Tell how many lines below include the word "module". Only the number should appear.

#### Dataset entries
++++++++++

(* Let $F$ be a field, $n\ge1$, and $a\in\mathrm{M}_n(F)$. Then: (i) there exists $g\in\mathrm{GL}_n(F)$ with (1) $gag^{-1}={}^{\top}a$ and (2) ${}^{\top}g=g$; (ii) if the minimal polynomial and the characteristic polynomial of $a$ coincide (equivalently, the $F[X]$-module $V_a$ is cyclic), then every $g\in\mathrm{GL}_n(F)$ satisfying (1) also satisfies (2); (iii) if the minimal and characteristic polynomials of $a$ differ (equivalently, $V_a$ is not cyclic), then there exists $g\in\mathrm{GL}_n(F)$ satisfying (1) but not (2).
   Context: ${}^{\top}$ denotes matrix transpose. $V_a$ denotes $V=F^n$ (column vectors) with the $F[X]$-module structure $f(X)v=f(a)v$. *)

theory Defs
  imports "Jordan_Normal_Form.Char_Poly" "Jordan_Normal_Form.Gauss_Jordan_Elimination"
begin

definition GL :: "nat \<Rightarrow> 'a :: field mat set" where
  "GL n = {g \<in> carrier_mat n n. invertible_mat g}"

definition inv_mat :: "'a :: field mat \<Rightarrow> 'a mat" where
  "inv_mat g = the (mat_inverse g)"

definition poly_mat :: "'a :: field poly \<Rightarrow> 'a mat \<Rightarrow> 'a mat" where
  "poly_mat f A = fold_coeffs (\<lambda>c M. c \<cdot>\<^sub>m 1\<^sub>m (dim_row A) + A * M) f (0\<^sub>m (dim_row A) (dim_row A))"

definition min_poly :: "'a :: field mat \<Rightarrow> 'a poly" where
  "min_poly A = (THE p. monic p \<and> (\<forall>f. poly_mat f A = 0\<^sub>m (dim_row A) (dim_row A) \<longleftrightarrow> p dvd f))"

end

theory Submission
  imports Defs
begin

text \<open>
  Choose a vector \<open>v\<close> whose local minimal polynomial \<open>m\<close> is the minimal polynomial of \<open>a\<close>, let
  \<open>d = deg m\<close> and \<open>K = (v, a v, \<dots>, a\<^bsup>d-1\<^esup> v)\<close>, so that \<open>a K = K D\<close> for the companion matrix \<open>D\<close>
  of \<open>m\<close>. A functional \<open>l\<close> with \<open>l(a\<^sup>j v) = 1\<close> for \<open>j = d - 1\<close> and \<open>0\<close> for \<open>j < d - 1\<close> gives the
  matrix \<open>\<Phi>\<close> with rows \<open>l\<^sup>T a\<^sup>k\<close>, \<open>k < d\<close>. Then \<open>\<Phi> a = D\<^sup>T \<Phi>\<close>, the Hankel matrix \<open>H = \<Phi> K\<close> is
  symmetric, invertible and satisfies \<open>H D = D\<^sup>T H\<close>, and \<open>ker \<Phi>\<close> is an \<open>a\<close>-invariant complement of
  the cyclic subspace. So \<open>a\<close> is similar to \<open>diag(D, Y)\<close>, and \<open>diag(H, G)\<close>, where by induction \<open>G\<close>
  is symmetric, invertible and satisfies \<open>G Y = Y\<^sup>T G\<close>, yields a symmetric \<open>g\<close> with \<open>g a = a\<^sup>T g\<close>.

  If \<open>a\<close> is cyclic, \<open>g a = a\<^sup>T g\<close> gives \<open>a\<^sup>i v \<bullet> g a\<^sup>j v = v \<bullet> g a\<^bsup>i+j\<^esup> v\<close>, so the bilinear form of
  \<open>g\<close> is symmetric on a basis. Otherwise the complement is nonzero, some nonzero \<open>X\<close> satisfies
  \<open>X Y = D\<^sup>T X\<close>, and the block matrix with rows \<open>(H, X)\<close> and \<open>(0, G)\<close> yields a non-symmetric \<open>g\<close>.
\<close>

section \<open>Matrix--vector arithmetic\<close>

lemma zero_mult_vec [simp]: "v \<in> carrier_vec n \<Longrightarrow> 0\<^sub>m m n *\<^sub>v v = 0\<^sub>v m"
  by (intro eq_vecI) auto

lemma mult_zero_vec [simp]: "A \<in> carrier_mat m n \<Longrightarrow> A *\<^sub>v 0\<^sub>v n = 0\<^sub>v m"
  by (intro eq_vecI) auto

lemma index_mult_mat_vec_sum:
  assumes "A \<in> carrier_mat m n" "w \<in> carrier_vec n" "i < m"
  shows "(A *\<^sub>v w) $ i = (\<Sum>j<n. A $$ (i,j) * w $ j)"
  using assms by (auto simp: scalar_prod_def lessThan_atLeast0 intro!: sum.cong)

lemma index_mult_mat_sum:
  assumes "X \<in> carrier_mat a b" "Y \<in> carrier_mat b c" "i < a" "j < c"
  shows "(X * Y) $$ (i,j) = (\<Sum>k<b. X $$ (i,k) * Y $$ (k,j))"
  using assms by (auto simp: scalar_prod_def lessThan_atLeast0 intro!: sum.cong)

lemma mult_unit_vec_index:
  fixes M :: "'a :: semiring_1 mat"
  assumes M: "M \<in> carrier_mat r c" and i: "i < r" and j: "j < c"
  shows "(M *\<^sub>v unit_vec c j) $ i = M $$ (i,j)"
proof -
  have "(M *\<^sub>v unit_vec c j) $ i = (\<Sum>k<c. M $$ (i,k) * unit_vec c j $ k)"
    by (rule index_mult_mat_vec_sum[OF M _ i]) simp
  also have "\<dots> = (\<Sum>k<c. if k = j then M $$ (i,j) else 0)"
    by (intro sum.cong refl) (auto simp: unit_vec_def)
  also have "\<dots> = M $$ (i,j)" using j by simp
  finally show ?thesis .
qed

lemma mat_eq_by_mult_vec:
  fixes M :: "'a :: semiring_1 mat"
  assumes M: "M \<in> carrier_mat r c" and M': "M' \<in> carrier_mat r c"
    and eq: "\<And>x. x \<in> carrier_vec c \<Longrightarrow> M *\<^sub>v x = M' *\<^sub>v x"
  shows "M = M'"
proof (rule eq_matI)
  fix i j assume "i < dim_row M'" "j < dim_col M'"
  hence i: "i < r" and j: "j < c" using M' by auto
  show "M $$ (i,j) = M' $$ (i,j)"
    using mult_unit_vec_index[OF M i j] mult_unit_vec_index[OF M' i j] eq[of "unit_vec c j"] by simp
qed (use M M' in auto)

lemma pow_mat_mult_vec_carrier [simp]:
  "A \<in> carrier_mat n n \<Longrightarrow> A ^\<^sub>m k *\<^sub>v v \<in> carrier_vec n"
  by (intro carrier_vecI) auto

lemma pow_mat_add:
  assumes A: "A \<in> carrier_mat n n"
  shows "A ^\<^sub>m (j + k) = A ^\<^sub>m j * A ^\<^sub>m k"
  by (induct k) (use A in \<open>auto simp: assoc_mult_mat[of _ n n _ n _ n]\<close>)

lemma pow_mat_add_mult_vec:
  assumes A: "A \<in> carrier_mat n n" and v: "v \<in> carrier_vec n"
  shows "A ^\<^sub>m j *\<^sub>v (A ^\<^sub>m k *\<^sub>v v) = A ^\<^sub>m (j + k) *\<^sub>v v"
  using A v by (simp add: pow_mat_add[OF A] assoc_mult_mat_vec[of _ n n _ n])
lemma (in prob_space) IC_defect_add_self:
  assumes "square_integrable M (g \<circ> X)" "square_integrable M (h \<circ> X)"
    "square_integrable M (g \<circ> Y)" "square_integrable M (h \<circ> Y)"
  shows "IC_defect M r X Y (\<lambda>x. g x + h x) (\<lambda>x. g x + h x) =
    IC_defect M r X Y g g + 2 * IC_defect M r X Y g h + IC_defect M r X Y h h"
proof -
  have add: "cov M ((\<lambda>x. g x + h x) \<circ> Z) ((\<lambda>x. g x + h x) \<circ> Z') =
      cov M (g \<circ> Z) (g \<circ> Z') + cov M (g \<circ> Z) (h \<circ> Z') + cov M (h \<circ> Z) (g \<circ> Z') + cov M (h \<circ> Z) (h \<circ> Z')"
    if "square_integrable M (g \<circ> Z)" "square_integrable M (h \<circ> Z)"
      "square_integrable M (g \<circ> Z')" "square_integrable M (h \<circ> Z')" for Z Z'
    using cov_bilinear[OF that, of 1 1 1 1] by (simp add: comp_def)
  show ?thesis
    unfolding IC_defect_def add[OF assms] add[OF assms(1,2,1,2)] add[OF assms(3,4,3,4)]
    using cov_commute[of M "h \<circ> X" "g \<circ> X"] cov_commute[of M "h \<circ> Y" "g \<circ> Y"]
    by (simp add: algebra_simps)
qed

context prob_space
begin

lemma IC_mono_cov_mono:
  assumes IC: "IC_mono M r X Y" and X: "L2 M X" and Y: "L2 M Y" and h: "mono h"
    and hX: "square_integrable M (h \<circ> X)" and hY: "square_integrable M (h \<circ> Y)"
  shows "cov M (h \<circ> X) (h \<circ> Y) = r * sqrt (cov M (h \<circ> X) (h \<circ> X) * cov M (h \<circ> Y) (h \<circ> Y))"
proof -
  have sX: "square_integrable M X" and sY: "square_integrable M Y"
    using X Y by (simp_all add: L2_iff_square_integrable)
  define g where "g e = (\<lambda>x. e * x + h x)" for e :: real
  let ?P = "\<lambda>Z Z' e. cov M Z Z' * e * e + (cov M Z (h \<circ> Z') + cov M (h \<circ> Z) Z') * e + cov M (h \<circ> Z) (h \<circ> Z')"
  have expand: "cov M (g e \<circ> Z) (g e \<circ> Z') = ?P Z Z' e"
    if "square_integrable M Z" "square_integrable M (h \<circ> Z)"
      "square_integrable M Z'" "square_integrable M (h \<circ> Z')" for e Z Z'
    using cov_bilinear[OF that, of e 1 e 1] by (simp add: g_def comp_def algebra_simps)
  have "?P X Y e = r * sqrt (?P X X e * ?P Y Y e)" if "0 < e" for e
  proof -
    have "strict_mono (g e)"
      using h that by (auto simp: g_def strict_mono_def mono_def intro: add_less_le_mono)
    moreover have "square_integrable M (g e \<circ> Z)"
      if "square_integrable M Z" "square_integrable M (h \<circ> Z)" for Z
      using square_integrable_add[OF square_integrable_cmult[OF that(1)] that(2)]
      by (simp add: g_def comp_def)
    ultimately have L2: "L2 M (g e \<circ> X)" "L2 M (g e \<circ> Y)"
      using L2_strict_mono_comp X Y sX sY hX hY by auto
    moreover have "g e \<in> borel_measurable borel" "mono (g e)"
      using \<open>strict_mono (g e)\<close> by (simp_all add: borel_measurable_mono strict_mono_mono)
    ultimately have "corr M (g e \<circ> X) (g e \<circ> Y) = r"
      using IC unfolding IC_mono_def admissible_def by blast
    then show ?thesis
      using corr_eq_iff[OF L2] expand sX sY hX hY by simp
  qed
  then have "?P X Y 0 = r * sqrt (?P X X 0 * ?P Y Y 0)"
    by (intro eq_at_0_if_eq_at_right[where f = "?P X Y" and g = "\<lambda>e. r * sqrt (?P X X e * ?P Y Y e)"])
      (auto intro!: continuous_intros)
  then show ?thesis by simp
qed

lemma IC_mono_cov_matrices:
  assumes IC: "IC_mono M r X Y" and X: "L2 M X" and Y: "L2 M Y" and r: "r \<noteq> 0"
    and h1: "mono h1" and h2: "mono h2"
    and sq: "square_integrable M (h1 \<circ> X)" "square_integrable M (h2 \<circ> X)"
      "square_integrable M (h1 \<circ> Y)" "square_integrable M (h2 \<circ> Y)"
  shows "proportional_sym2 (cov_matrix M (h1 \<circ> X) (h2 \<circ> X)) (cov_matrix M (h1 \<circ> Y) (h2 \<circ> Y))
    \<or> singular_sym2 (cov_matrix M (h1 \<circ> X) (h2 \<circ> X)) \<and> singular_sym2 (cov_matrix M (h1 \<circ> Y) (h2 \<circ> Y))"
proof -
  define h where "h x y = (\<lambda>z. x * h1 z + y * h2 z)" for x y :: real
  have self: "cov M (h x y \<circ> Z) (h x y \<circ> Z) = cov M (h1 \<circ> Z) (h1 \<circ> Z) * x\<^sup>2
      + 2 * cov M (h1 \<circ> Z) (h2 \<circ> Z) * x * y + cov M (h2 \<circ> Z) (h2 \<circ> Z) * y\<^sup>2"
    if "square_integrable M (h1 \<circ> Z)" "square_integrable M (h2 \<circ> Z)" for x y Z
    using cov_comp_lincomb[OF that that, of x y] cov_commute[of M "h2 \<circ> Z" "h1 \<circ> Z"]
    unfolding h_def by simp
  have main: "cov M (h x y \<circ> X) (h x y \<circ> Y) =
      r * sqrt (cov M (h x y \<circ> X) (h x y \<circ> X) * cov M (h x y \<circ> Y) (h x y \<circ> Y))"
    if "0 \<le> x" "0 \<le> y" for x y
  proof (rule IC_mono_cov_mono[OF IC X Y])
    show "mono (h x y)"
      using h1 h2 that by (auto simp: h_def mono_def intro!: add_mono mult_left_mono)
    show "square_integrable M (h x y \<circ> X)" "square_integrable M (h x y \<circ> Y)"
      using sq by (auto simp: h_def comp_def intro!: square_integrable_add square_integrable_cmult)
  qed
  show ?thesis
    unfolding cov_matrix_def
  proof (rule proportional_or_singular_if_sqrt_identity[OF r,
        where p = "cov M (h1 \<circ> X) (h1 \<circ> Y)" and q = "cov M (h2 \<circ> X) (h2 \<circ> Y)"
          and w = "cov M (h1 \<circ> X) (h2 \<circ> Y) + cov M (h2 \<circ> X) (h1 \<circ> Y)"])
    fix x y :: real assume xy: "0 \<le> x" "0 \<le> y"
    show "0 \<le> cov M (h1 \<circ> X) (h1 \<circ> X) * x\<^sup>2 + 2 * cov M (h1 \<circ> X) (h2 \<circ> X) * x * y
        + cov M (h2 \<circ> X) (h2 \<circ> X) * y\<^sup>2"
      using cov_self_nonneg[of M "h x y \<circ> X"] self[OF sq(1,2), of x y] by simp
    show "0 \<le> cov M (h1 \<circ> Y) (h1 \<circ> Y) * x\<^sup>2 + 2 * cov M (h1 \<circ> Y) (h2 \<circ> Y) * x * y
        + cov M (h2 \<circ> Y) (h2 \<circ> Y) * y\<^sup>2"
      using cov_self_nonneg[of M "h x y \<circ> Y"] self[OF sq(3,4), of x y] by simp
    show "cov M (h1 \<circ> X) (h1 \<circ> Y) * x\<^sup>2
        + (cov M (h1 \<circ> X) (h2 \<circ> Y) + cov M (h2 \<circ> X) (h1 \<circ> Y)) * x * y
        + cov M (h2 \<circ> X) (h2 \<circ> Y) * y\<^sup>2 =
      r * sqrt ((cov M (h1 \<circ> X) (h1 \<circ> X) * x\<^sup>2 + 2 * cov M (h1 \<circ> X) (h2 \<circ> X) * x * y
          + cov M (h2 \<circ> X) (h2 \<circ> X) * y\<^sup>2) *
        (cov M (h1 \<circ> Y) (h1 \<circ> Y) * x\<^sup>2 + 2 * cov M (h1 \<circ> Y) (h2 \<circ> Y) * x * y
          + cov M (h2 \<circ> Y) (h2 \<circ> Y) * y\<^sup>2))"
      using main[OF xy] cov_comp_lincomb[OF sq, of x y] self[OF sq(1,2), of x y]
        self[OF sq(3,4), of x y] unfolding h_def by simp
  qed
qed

++++++++++

#### EXERCISE SOLUTION
2